Data entries →

▶

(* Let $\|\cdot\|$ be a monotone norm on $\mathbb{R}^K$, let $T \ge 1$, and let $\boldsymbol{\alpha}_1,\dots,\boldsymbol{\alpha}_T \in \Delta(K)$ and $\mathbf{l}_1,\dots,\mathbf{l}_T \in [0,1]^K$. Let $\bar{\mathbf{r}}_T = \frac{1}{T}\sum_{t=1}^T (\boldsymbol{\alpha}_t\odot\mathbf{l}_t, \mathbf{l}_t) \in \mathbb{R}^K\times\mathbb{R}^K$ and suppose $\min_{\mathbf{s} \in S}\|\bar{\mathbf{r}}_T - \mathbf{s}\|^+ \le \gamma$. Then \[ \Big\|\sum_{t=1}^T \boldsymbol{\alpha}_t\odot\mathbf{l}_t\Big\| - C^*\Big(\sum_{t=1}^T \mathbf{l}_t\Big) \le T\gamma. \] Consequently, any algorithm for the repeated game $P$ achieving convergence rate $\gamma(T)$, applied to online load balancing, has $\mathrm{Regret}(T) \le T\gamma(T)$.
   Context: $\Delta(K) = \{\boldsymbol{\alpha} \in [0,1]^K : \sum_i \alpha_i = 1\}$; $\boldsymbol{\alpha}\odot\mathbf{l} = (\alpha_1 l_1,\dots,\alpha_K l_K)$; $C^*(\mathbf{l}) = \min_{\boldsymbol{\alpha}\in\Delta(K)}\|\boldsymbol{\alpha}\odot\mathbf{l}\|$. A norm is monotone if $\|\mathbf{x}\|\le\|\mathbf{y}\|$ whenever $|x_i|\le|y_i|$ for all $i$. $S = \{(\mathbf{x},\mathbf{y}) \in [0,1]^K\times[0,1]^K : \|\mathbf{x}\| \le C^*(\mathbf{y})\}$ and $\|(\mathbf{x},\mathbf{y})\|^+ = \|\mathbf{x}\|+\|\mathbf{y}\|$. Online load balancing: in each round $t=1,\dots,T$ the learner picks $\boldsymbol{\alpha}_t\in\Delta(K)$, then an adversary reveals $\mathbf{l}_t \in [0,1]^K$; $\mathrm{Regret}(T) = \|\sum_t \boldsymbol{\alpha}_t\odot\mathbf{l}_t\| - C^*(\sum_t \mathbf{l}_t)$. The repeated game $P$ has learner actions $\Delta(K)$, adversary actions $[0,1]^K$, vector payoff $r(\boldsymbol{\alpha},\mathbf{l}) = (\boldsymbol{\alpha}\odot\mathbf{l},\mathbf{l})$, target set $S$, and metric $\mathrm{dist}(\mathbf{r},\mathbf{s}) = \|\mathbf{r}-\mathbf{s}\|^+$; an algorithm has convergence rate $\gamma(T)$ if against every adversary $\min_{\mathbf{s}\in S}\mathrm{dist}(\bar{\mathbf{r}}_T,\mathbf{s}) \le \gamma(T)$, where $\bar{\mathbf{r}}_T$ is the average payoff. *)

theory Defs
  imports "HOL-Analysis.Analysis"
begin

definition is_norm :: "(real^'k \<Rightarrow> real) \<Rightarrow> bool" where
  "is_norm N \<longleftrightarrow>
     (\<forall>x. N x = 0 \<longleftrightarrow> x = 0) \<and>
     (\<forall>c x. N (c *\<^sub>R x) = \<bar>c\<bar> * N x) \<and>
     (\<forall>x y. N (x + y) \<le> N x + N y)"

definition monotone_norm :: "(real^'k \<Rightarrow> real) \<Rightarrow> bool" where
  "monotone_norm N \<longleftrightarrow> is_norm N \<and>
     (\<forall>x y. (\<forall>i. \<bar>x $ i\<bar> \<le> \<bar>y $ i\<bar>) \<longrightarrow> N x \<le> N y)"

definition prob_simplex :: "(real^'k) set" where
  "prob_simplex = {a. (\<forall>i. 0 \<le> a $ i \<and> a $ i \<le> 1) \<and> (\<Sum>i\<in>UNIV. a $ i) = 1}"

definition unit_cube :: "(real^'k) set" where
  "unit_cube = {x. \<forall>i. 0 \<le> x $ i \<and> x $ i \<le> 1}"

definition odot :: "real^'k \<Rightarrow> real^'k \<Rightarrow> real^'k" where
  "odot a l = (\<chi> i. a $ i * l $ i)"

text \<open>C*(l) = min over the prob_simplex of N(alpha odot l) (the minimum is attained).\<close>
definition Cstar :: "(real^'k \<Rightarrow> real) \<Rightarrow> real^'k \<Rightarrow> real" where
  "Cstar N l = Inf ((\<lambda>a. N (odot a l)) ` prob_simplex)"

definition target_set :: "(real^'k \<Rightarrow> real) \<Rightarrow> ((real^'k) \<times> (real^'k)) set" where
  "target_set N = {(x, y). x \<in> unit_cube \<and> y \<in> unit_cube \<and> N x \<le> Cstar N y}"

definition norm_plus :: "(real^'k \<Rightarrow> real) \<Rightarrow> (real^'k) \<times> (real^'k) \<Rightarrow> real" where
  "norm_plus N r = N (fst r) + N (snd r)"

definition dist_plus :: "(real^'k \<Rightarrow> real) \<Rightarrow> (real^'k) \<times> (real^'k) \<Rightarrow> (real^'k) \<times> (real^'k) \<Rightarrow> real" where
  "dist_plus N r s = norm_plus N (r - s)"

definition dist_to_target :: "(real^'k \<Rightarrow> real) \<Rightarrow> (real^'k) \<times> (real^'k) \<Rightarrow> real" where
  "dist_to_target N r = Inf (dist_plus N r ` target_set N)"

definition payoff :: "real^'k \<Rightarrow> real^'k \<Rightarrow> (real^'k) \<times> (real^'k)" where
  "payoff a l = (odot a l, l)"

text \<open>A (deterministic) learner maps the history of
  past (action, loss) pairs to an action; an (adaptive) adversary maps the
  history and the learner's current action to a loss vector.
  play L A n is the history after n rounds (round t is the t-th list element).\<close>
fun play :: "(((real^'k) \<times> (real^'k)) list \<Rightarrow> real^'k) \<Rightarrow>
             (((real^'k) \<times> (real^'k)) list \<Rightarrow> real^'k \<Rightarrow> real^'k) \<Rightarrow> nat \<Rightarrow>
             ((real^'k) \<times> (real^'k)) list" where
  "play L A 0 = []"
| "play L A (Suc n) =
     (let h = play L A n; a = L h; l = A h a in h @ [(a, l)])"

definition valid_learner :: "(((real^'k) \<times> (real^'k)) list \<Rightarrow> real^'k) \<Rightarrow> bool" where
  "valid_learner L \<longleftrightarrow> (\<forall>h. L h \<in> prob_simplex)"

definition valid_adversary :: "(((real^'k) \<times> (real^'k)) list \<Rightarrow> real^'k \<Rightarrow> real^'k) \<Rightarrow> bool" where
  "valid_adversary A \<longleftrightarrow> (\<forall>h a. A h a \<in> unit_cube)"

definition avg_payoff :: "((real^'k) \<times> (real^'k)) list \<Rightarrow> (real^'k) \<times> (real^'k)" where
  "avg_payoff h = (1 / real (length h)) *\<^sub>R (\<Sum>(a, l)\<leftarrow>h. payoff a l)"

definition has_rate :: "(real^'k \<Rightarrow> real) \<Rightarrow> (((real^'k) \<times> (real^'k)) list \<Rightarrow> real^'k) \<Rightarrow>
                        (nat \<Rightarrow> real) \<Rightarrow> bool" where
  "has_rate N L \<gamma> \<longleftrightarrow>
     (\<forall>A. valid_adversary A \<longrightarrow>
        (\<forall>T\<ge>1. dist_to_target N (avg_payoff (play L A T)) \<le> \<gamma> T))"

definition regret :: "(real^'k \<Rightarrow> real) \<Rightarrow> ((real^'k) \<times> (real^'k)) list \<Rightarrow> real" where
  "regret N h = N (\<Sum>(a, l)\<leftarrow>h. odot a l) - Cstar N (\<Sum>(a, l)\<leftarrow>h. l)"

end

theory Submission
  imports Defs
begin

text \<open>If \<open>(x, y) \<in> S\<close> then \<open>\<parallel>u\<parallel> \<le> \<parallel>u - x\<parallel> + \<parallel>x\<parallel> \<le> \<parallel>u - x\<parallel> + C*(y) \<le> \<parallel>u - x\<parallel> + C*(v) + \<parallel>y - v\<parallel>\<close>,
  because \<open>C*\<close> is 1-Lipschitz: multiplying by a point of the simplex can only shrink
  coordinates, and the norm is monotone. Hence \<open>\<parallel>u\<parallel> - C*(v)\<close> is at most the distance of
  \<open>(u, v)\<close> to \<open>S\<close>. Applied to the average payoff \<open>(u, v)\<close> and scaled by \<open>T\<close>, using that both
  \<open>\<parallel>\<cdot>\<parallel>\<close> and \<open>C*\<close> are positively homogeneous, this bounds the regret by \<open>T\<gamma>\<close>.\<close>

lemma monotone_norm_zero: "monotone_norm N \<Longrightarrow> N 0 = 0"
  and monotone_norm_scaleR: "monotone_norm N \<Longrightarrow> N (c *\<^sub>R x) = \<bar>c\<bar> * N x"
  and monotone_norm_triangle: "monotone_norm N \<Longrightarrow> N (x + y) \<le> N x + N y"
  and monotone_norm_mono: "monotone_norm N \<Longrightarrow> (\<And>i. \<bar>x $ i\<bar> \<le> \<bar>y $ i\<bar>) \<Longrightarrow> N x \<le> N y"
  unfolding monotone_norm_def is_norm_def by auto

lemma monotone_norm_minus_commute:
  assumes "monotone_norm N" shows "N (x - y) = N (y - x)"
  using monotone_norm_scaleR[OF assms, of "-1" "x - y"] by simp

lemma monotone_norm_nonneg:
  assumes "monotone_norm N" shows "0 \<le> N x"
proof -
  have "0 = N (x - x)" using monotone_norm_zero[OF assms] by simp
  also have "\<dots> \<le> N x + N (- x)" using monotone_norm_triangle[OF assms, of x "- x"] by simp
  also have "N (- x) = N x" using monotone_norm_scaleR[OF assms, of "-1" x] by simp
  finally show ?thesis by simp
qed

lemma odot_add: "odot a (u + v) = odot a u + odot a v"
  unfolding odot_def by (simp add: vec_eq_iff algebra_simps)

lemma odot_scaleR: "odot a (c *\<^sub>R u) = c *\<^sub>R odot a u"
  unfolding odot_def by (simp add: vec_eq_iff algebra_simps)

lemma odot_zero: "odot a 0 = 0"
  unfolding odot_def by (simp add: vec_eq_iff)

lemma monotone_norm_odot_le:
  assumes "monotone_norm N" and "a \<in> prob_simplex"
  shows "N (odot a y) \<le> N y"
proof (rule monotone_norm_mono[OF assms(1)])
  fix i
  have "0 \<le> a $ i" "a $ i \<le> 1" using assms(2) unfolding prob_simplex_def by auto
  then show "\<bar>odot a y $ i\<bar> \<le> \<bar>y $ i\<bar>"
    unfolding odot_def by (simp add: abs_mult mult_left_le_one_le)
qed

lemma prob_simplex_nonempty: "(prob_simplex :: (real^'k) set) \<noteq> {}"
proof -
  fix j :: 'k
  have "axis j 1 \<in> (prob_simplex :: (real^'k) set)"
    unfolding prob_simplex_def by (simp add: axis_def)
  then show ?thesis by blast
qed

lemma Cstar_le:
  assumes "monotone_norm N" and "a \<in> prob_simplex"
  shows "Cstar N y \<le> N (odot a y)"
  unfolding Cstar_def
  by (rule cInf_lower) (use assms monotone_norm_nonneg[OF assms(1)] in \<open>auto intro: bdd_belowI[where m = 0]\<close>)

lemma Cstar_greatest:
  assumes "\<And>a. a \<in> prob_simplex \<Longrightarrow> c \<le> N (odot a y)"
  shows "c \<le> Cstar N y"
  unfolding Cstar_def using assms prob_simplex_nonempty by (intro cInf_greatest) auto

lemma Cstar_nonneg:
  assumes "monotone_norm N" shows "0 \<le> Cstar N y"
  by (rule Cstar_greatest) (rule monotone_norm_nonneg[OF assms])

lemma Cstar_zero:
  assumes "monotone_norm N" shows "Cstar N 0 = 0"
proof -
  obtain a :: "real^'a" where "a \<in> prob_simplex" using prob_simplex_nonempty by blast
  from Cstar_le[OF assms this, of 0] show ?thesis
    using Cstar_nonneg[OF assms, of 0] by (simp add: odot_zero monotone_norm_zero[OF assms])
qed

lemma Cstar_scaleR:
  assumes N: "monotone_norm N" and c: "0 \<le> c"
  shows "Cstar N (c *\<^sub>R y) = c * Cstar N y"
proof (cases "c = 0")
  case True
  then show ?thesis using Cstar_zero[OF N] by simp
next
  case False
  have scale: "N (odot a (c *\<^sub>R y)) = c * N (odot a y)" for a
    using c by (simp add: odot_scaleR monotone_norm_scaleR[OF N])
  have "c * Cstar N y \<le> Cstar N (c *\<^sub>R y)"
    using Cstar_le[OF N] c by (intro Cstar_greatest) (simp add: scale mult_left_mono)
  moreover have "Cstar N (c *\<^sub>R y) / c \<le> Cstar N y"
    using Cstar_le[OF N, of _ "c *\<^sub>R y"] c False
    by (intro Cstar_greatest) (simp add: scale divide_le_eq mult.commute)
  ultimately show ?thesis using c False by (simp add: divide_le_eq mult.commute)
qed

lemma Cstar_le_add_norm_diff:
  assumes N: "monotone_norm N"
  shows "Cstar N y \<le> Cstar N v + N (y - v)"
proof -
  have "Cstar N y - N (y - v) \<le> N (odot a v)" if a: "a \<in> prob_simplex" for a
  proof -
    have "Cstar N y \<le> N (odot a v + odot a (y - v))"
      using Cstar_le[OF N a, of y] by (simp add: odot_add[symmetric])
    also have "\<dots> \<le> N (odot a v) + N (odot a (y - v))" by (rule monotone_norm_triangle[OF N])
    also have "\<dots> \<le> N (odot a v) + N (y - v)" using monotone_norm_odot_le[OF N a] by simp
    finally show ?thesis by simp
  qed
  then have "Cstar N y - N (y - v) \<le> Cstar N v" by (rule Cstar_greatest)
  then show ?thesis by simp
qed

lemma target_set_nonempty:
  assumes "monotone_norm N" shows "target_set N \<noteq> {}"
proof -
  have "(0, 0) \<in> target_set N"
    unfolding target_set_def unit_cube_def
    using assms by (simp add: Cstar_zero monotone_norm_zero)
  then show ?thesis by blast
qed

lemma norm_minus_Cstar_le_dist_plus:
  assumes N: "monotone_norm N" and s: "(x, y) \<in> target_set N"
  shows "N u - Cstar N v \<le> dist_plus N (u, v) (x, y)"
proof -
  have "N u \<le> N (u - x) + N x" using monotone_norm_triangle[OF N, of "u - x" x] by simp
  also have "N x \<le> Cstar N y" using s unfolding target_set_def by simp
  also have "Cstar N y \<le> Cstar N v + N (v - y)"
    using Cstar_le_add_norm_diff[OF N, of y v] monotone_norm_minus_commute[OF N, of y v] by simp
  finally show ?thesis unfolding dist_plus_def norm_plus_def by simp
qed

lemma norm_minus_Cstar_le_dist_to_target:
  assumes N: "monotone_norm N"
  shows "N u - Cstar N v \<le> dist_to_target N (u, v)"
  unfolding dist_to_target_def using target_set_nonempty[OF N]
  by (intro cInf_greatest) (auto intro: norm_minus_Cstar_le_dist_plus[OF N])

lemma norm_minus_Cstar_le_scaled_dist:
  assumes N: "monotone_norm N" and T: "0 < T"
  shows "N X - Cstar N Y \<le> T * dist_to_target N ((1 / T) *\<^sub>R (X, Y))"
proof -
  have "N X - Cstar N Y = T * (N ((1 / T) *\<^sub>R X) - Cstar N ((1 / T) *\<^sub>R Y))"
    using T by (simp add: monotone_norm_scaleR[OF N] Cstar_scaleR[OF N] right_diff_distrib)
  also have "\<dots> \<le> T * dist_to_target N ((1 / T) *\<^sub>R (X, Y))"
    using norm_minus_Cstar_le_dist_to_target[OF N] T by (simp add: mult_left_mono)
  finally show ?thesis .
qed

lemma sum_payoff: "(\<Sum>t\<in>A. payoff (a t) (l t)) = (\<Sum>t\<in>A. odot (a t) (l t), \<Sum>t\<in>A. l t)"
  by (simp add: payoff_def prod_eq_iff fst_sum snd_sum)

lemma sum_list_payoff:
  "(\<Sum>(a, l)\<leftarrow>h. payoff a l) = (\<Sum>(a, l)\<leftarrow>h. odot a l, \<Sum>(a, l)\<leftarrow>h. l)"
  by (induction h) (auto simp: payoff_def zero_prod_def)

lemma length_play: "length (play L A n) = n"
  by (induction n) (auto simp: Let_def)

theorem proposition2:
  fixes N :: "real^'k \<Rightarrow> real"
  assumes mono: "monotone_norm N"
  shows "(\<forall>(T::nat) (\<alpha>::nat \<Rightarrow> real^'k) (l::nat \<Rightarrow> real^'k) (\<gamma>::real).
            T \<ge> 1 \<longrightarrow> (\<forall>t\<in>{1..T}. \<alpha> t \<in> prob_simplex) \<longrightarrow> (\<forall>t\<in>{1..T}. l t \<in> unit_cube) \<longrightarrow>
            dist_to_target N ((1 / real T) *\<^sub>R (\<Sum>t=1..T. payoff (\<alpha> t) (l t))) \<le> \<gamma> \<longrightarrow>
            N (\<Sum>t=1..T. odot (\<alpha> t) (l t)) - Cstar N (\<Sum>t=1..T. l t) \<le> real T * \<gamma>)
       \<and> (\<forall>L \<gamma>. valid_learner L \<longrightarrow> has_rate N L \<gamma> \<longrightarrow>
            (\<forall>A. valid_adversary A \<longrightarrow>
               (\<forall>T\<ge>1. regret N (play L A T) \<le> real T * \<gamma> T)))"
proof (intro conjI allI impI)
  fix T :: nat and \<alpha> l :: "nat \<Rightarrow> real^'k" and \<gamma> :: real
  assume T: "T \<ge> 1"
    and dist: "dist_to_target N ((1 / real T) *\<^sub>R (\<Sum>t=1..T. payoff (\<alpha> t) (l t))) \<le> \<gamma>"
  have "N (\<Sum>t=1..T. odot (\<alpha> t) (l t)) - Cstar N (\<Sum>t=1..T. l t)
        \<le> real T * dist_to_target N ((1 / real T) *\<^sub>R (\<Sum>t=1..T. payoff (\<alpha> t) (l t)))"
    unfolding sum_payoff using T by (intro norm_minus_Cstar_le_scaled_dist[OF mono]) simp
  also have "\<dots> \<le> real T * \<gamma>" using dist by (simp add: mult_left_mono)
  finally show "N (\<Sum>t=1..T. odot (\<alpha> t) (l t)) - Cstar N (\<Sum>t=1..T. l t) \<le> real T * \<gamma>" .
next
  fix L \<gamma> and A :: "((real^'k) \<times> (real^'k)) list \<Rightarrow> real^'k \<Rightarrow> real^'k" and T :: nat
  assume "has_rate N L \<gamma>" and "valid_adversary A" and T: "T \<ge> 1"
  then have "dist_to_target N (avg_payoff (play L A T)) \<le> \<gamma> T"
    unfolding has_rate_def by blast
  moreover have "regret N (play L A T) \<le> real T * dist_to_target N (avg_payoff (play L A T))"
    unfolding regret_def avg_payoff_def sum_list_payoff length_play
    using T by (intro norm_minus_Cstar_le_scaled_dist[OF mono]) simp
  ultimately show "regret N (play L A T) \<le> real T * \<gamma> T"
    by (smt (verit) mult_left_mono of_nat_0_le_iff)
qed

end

◀

What to do →
Starting with the first line above and ending with the line that holds "(\<forall>c x. N", restate each line word for word and add nothing else.

Reply →
(* Let $\|\cdot\|$ be a monotone norm on $\mathbb{R}^K$, let $T \ge 1$, and let $\boldsymbol{\alpha}_1,\dots,\boldsymbol{\alpha}_T \in \Delta(K)$ and $\mathbf{l}_1,\dots,\mathbf{l}_T \in [0,1]^K$. Let $\bar{\mathbf{r}}_T = \frac{1}{T}\sum_{t=1}^T (\boldsymbol{\alpha}_t\odot\mathbf{l}_t, \mathbf{l}_t) \in \mathbb{R}^K\times\mathbb{R}^K$ and suppose $\min_{\mathbf{s} \in S}\|\bar{\mathbf{r}}_T - \mathbf{s}\|^+ \le \gamma$. Then \[ \Big\|\sum_{t=1}^T \boldsymbol{\alpha}_t\odot\mathbf{l}_t\Big\| - C^*\Big(\sum_{t=1}^T \mathbf{l}_t\Big) \le T\gamma. \] Consequently, any algorithm for the repeated game $P$ achieving convergence rate $\gamma(T)$, applied to online load balancing, has $\mathrm{Regret}(T) \le T\gamma(T)$.
   Context: $\Delta(K) = \{\boldsymbol{\alpha} \in [0,1]^K : \sum_i \alpha_i = 1\}$; $\boldsymbol{\alpha}\odot\mathbf{l} = (\alpha_1 l_1,\dots,\alpha_K l_K)$; $C^*(\mathbf{l}) = \min_{\boldsymbol{\alpha}\in\Delta(K)}\|\boldsymbol{\alpha}\odot\mathbf{l}\|$. A norm is monotone if $\|\mathbf{x}\|\le\|\mathbf{y}\|$ whenever $|x_i|\le|y_i|$ for all $i$. $S = \{(\mathbf{x},\mathbf{y}) \in [0,1]^K\times[0,1]^K : \|\mathbf{x}\| \le C^*(\mathbf{y})\}$ and $\|(\mathbf{x},\mathbf{y})\|^+ = \|\mathbf{x}\|+\|\mathbf{y}\|$. Online load balancing: in each round $t=1,\dots,T$ the learner picks $\boldsymbol{\alpha}_t\in\Delta(K)$, then an adversary reveals $\mathbf{l}_t \in [0,1]^K$; $\mathrm{Regret}(T) = \|\sum_t \boldsymbol{\alpha}_t\odot\mathbf{l}_t\| - C^*(\sum_t \mathbf{l}_t)$. The repeated game $P$ has learner actions $\Delta(K)$, adversary actions $[0,1]^K$, vector payoff $r(\boldsymbol{\alpha},\mathbf{l}) = (\boldsymbol{\alpha}\odot\mathbf{l},\mathbf{l})$, target set $S$, and metric $\mathrm{dist}(\mathbf{r},\mathbf{s}) = \|\mathbf{r}-\mathbf{s}\|^+$; an algorithm has convergence rate $\gamma(T)$ if against every adversary $\min_{\mathbf{s}\in S}\mathrm{dist}(\bar{\mathbf{r}}_T,\mathbf{s}) \le \gamma(T)$, where $\bar{\mathbf{r}}_T$ is the average payoff. *)

theory Defs
  imports "HOL-Analysis.Analysis"
begin

definition is_norm :: "(real^'k \<Rightarrow> real) \<Rightarrow> bool" where
  "is_norm N \<longleftrightarrow>
     (\<forall>x. N x = 0 \<longleftrightarrow> x = 0) \<and>
     (\<forall>c x. N (c *\<^sub>R x) = \<bar>c\<bar> * N x) \<and>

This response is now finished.